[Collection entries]
========================================================================
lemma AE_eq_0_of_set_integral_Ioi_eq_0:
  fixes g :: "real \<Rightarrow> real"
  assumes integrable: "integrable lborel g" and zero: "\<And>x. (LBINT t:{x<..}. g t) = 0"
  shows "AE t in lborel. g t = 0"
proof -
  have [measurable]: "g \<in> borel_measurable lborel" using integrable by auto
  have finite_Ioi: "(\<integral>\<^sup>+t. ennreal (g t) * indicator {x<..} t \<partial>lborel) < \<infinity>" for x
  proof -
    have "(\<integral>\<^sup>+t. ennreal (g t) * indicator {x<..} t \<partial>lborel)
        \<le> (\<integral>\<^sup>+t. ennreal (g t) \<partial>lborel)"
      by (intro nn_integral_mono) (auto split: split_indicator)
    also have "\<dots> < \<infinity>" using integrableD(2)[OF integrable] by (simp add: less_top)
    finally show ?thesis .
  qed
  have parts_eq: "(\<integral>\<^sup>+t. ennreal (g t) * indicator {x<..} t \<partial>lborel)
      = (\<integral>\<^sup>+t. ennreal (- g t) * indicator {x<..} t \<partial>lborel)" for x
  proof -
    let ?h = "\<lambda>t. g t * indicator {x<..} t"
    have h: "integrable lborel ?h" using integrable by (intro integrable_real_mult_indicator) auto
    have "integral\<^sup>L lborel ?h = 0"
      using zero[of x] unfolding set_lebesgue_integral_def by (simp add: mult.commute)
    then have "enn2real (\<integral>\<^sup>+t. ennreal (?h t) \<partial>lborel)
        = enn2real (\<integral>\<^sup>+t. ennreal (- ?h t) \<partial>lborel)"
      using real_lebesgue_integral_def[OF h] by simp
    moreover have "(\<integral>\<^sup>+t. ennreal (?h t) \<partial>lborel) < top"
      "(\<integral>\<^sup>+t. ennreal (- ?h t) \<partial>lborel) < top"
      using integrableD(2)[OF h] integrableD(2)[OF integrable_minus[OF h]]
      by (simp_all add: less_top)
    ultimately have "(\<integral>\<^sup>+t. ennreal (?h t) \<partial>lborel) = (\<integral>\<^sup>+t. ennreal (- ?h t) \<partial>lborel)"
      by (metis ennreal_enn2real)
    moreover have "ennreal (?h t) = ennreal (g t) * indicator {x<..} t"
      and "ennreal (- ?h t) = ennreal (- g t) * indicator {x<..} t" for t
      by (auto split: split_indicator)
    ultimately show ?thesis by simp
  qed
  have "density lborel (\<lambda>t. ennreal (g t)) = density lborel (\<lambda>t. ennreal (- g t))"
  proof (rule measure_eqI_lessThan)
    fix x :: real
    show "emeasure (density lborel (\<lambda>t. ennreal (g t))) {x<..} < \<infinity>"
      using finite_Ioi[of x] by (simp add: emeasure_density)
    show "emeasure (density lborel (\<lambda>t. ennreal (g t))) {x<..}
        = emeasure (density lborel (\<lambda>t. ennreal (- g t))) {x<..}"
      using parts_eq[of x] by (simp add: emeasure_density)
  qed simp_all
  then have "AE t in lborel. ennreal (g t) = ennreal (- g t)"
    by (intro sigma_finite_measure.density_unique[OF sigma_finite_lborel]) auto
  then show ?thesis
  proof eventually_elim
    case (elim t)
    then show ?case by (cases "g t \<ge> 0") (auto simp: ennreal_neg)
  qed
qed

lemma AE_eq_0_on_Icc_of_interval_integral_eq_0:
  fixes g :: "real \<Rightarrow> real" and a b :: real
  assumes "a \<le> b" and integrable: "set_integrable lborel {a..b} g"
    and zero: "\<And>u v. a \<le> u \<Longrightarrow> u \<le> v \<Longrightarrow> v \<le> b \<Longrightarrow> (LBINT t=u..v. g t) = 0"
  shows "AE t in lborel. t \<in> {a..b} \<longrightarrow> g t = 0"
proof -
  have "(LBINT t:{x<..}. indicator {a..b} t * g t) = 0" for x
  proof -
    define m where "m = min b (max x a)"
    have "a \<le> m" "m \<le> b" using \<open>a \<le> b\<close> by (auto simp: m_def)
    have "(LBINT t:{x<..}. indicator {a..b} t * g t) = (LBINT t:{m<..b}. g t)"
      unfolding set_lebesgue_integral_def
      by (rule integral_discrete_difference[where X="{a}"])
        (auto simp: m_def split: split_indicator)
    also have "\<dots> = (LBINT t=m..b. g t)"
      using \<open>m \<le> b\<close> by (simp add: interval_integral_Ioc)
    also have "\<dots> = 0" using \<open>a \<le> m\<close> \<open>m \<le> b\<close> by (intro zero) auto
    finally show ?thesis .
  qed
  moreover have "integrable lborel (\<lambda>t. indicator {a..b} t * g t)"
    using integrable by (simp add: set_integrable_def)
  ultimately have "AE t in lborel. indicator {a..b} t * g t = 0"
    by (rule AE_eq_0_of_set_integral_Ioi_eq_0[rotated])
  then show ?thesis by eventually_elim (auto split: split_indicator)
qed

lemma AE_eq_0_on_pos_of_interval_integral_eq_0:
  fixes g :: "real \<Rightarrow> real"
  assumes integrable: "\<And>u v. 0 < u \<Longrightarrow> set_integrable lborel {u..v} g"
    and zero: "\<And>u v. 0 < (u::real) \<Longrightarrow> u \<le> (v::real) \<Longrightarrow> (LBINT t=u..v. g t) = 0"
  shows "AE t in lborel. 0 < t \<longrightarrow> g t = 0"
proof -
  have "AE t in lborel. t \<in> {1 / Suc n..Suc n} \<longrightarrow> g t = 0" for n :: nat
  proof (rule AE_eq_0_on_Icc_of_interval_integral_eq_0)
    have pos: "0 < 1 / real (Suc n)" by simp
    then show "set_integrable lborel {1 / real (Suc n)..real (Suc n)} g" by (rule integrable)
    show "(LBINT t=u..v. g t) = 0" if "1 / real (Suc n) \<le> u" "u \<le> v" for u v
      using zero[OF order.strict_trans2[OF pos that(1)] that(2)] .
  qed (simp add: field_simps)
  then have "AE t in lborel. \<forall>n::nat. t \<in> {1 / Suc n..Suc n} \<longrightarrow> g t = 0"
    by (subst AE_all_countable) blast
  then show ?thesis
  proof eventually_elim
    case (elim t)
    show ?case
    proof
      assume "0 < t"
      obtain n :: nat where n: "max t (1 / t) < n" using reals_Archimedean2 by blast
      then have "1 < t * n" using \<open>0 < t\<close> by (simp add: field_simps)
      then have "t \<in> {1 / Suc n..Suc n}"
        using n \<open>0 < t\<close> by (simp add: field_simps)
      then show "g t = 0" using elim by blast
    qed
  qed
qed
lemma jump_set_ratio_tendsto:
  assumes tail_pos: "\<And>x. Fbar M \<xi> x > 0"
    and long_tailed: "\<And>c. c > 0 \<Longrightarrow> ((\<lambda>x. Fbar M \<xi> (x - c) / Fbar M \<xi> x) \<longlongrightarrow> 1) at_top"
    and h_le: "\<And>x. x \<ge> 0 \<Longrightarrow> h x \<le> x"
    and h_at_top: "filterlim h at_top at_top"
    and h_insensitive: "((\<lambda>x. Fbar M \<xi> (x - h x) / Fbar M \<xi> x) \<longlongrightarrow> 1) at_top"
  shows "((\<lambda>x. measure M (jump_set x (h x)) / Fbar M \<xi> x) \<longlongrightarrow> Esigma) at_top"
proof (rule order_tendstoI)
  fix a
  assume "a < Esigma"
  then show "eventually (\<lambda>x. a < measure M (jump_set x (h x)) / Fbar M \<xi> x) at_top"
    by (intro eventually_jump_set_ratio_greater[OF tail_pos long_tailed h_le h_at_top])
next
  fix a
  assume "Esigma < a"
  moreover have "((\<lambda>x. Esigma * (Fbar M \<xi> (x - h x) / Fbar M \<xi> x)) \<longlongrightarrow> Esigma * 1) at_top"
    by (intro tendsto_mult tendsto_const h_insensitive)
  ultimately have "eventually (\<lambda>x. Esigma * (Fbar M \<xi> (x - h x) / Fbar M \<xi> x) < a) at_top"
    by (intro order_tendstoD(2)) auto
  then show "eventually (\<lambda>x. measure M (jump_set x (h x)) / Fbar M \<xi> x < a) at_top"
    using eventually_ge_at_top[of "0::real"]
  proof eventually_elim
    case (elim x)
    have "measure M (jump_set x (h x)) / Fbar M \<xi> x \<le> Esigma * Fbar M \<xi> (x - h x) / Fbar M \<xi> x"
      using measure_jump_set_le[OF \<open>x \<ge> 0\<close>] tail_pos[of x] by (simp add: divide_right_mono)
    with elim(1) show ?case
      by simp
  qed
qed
========================================================================
HOW TO COMPLETE THIS TASK -
What is needed is each line from the records with the word "integrableD" in it.

ANSWER FOR THE TASK -
    also have "\<dots> < \<infinity>" using integrableD(2)[OF integrable] by (simp add: less_top)
      using integrableD(2)[OF h] integrableD(2)[OF integrable_minus[OF h]]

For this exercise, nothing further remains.